Here's the specs: I was handed down an old craftsman mower with a tecumseh engine. the cross-reference model suggests is a TVS-90 (it's an old 143.XXXX, and best i can interpret its probably from the early 80s) and it has a series 9 carburetor (float). 

Here's the story. Last cut of last year, it was working fine. I ran it until it puttered out of gas and drained the oil for winter storage. A few weeks ago i pulled it out for the first cut: put in fresh oil, fresh gas, but no new plug (replaced plug middle last season, and visual inspection was fine).

i pulled the cord, and it had good compression, no pullback but oil blew out of the muffler on the front left of the engine. i tried a few times with the same result. then i checked the carb, and it was slightly gacked (with some residue left in the cup). took the whole carb system apart and cleaned till it was spotless (including cleaning out the little holes on the cup screw), and replaced and started again. it started on the first pull, but this time it was slightly jerky with low rpms. When i manually moved the governor, the rpms increased and the jerk diminished slightly, but wouldn't maintain. 

i decided to take the engine off and inspect the engine. i took pretty much everything apart, stopping with the front cylinder case (pistons looked ok), just to inspect and clean. the blade was bent in the middle, so i bought a new blade. the flywheel key was intact and the crankshaft did not appear to be bent. everything else appeared to be ok, so i rebuilt. new gas and new oil again, and after priming and few tugs it starts but with low rpms. there is still a slight jerk, and it's a little noisy (kind of like a loud chug sound) manual movement of the governer increases rpms but does not maintain.

the only thing i can think of is that i might have messed with the governor spring and stretched when replacing, or that it was just getting old in the first place (or a combination of the two).

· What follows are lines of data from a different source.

lemma rc_partition_insert_le:
  fixes q w :: real
  assumes "finite N" and "q \<ge> 1" and "w \<ge> 0" and "finite V" and "fst (ends e) \<in> V"
  shows "rc_partition V ends q w (insert e N) \<le> (1 + q * w) * rc_partition V ends q w N"
proof (cases "e \<in> N")
  case True
  have "1 * rc_partition V ends q w N \<le> (1 + q * w) * rc_partition V ends q w N"
    using rc_partition_nonneg[of q w] assms(2,3) by (intro mult_right_mono) auto
  with True show ?thesis by (simp add: insert_absorb)
next
  case False
  let ?S = "\<Sum>A \<in> Pow N. w ^ card A * inverse (q ^ ncomp V ends (insert e A))"
  have "?S \<le> (\<Sum>A \<in> Pow N. w ^ card A * (q * inverse (q ^ ncomp V ends A)))"
    using inverse_power_ncomp_insert_le[where ends = ends, OF assms(2,4,5)] assms(3)
    by (intro sum_mono mult_left_mono) auto
  also have "\<dots> = q * rc_partition V ends q w N"
    by (simp add: rc_partition_def sum_distrib_left mult.left_commute)
  finally have "w * ?S \<le> w * (q * rc_partition V ends q w N)"
    using assms(3) by (rule mult_left_mono)
  then show ?thesis
    unfolding rc_partition_insert[OF assms(1) False] by (simp add: algebra_simps)
qed

lemma rc_partition_between_insert:
  fixes q w :: real
  assumes "finite N" and "N \<subseteq> N'" and "N' \<subseteq> insert e N"
    and "q \<ge> 1" and "w \<ge> 0" and "finite V" and "fst (ends e) \<in> V"
  shows "rc_partition V ends q w N \<le> rc_partition V ends q w N'"
    and "rc_partition V ends q w N' \<le> (1 + q * w) * rc_partition V ends q w N"
proof -
  have "finite N'" using assms(1,3) by (simp add: finite_subset)
  then show "rc_partition V ends q w N \<le> rc_partition V ends q w N'"
    using assms by (intro rc_partition_mono) auto
  have "rc_partition V ends q w N' \<le> rc_partition V ends q w (insert e N)"
    using assms by (intro rc_partition_mono) auto
  also have "\<dots> \<le> (1 + q * w) * rc_partition V ends q w N"
    using assms by (intro rc_partition_insert_le)
  finally show "rc_partition V ends q w N' \<le> (1 + q * w) * rc_partition V ends q w N" .
qed

lemma mono_edges_insert_bounds:
  "mono_edges ends F \<sigma> \<subseteq> mono_edges ends (insert e F) \<sigma>"
  "mono_edges ends (insert e F) \<sigma> \<subseteq> insert e (mono_edges ends F \<sigma>)"
  by (auto simp: mono_edges_def)

lemma card_mono_edges_insert:
  assumes "finite F"
  shows "card (mono_edges ends F \<sigma>) \<le> card (mono_edges ends (insert e F) \<sigma>)"
    and "card (mono_edges ends (insert e F) \<sigma>) \<le> Suc (card (mono_edges ends F \<sigma>))"
proof -
  have "finite (mono_edges ends (insert e F) \<sigma>)"
    using assms by (simp add: mono_edges_def)
  then show "card (mono_edges ends F \<sigma>) \<le> card (mono_edges ends (insert e F) \<sigma>)"
    by (rule card_mono) (rule mono_edges_insert_bounds)
  have "finite (mono_edges ends F \<sigma>)" using assms by (simp add: mono_edges_def)
  then have "card (insert e (mono_edges ends F \<sigma>)) \<le> Suc (card (mono_edges ends F \<sigma>))"
    by (simp add: card_insert_if)
  with card_mono[OF _ mono_edges_insert_bounds(2)] \<open>finite (mono_edges ends F \<sigma>)\<close>
  show "card (mono_edges ends (insert e F) \<sigma>) \<le> Suc (card (mono_edges ends F \<sigma>))"
    by (meson finite_insert order_trans)
qed

lemma SW_P_eq_rc_partition:
  "SW_P V ends F q \<beta> \<sigma> \<tau> = exp (- \<beta>) ^ card (mono_edges ends F \<sigma>) *
     rc_partition V ends (real q) (exp \<beta> - 1) (mono_edges ends F \<sigma> \<inter> mono_edges ends F \<tau>)"
proof -
  have "(1 - exp (- \<beta>)) / (1 - (1 - exp (- \<beta>))) = exp \<beta> - 1"
    by (simp add: exp_minus field_simps)
  then show ?thesis unfolding SW_P_def rc_partition_def Let_def by simp
qed

lemma SW_P_insert_bounds:
  assumes "finite F" and "\<beta> \<ge> 0" and "q \<ge> 1" and "finite V" and "fst (ends e) \<in> V"
  shows "exp (- \<beta>) * SW_P V ends F q \<beta> \<sigma> \<tau> \<le> SW_P V ends (insert e F) q \<beta> \<sigma> \<tau>"
    and "SW_P V ends (insert e F) q \<beta> \<sigma> \<tau> \<le> (1 + real q * (exp \<beta> - 1)) * SW_P V ends F q \<beta> \<sigma> \<tau>"
proof -
  let ?x = "exp (- \<beta>)" and ?Z = "rc_partition V ends (real q) (exp \<beta> - 1)"
  define M where "M = mono_edges ends F \<sigma>"
  define M' where "M' = mono_edges ends (insert e F) \<sigma>"
  define N where "N = M \<inter> mono_edges ends F \<tau>"
  define N' where "N' = M' \<inter> mono_edges ends (insert e F) \<tau>"
  have card_M': "card M \<le> card M'" "card M' \<le> Suc (card M)"
    unfolding M_def M'_def using assms(1) by (rule card_mono_edges_insert)+
  have "finite N" using assms(1) by (simp add: N_def M_def mono_edges_def)
  moreover have "N \<subseteq> N'" "N' \<subseteq> insert e N"
    unfolding N_def N'_def M_def M'_def by (auto simp: mono_edges_def)
  ultimately have Z_mono: "?Z N \<le> ?Z N'"
    and Z_insert: "?Z N' \<le> (1 + real q * (exp \<beta> - 1)) * ?Z N"
    using rc_partition_between_insert[where ends = ends and q = "real q" and w = "exp \<beta> - 1"] assms
    by auto
  have "0 \<le> ?Z N" using assms(2) by (intro rc_partition_nonneg) auto
  have x: "0 \<le> ?x" "?x \<le> 1" using assms(2) by auto
  have P: "SW_P V ends F q \<beta> \<sigma> \<tau> = ?x ^ card M * ?Z N"
    "SW_P V ends (insert e F) q \<beta> \<sigma> \<tau> = ?x ^ card M' * ?Z N'"
    by (simp_all only: SW_P_eq_rc_partition M_def M'_def N_def N'_def)
  have "?x * (?x ^ card M * ?Z N) = ?x ^ Suc (card M) * ?Z N" by simp
  also have "\<dots> \<le> ?x ^ card M' * ?Z N"
    using card_M'(2) x \<open>0 \<le> ?Z N\<close> by (intro mult_right_mono power_decreasing) auto
  also have "\<dots> \<le> ?x ^ card M' * ?Z N'" using Z_mono by (intro mult_left_mono) auto
  finally show "?x * SW_P V ends F q \<beta> \<sigma> \<tau> \<le> SW_P V ends (insert e F) q \<beta> \<sigma> \<tau>"
    unfolding P .
  have "?x ^ card M' * ?Z N' \<le> ?x ^ card M * ?Z N'"
    using card_M'(1) x \<open>0 \<le> ?Z N\<close> Z_mono by (intro mult_right_mono power_decreasing) auto
  also have "\<dots> \<le> ?x ^ card M * ((1 + real q * (exp \<beta> - 1)) * ?Z N)"
    using Z_insert by (intro mult_left_mono) auto
  finally show "SW_P V ends (insert e F) q \<beta> \<sigma> \<tau>
      \<le> (1 + real q * (exp \<beta> - 1)) * SW_P V ends F q \<beta> \<sigma> \<tau>"
    unfolding P by (simp add: mult.left_commute)
qed

lemma SW_P_union_lower_bound:
  assumes "finite F" and "finite D" and "\<forall>e\<in>D. fst (ends e) \<in> V"
    and "\<beta> \<ge> 0" and "q \<ge> 1" and "finite V"
  shows "exp (- \<beta>) ^ card D * SW_P V ends F q \<beta> \<sigma> \<tau> \<le> SW_P V ends (F \<union> D) q \<beta> \<sigma> \<tau>"
  using assms(2,3)
proof (induction D rule: finite_induct)
  case (insert e D)
  have "exp (- \<beta>) ^ card (insert e D) * SW_P V ends F q \<beta> \<sigma> \<tau>
      = exp (- \<beta>) * (exp (- \<beta>) ^ card D * SW_P V ends F q \<beta> \<sigma> \<tau>)"
    using insert.hyps by simp
  also have "\<dots> \<le> exp (- \<beta>) * SW_P V ends (F \<union> D) q \<beta> \<sigma> \<tau>"
    using insert.IH insert.prems by (intro mult_left_mono) auto
  also have "\<dots> \<le> SW_P V ends (insert e (F \<union> D)) q \<beta> \<sigma> \<tau>"
    using insert assms by (intro SW_P_insert_bounds(1)) auto
  finally show ?case by simp
qed simp

lemma SW_P_union_upper_bound:
  assumes "finite F" and "finite D" and "\<forall>e\<in>D. fst (ends e) \<in> V"
    and "\<beta> \<ge> 0" and "q \<ge> 1" and "finite V"
  shows "SW_P V ends (F \<union> D) q \<beta> \<sigma> \<tau>
           \<le> (1 + real q * (exp \<beta> - 1)) ^ card D * SW_P V ends F q \<beta> \<sigma> \<tau>"
  using assms(2,3)
proof (induction D rule: finite_induct)
  case (insert e D)
  let ?a = "1 + real q * (exp \<beta> - 1)"
  have "SW_P V ends (F \<union> insert e D) q \<beta> \<sigma> \<tau> \<le> ?a * SW_P V ends (F \<union> D) q \<beta> \<sigma> \<tau>"
    using insert assms by (simp add: SW_P_insert_bounds(2))
  also have "\<dots> \<le> ?a * (?a ^ card D * SW_P V ends F q \<beta> \<sigma> \<tau>)"
    using insert.IH insert.prems assms(4) by (intro mult_left_mono) auto
  also have "\<dots> = ?a ^ card (insert e D) * SW_P V ends F q \<beta> \<sigma> \<tau>"
    using insert.hyps by simp
  finally show ?case .
qed simp

theorem lemma3p7:
  fixes V :: "'v set" and E E0 :: "'e set" and ends :: "'e \<Rightarrow> 'v \<times> 'v"
    and q :: nat and \<beta> :: real and \<sigma> \<tau> :: "'v \<Rightarrow> nat"
  assumes "finite V" and "finite E"
    and "\<forall>e\<in>E. fst (ends e) \<in> V \<and> snd (ends e) \<in> V"
    and "E0 \<subseteq> E"
    and "\<beta> \<ge> 0"
    and "\<sigma> \<in> V \<rightarrow>\<^sub>E {1..q}" and "\<tau> \<in> V \<rightarrow>\<^sub>E {1..q}"
  shows "exp (- \<beta>) ^ card (E - E0) * SW_P V ends E0 q \<beta> \<sigma> \<tau> \<le> SW_P V ends E q \<beta> \<sigma> \<tau>
       \<and> SW_P V ends E q \<beta> \<sigma> \<tau>
           \<le> (1 + real q * (exp \<beta> - 1)) ^ card (E - E0) * SW_P V ends E0 q \<beta> \<sigma> \<tau>"
proof (cases "q = 0")
  case True
  with assms(6) have "V = {}" by fastforce
  with assms(3,4) show ?thesis by auto
next
  case False
  then have "q \<ge> 1" by simp
  have "finite E0" "finite (E - E0)" using assms(2,4) finite_subset by auto
  moreover have "\<forall>e\<in>E - E0. fst (ends e) \<in> V" using assms(3) by blast
  ultimately have
    "exp (- \<beta>) ^ card (E - E0) * SW_P V ends E0 q \<beta> \<sigma> \<tau>
       \<le> SW_P V ends (E0 \<union> (E - E0)) q \<beta> \<sigma> \<tau>"
    "SW_P V ends (E0 \<union> (E - E0)) q \<beta> \<sigma> \<tau>
       \<le> (1 + real q * (exp \<beta> - 1)) ^ card (E - E0) * SW_P V ends E0 q \<beta> \<sigma> \<tau>"
    using \<open>q \<ge> 1\<close> assms(1,5) by (blast intro: SW_P_union_lower_bound SW_P_union_upper_bound)+
  moreover have "E0 \<union> (E - E0) = E" using assms(4) by blast
  ultimately show ?thesis by simp
qed

end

sorry to be so long, but wanted to be thorough. any ideas?

thanks very much.
b


----------



## bartleby (May 5, 2009)

well, that was easy enough. governor attachment was in wrong hole.


----------



## light mechanic (Jul 18, 2008)

That's how we are started learning by yourself and had to think it through, sure would have been nice to have the net back then, sounds like you are well on the way of getting your mechanic work done, glad for you, have fun and learn at the same time, Light Mechanic


----------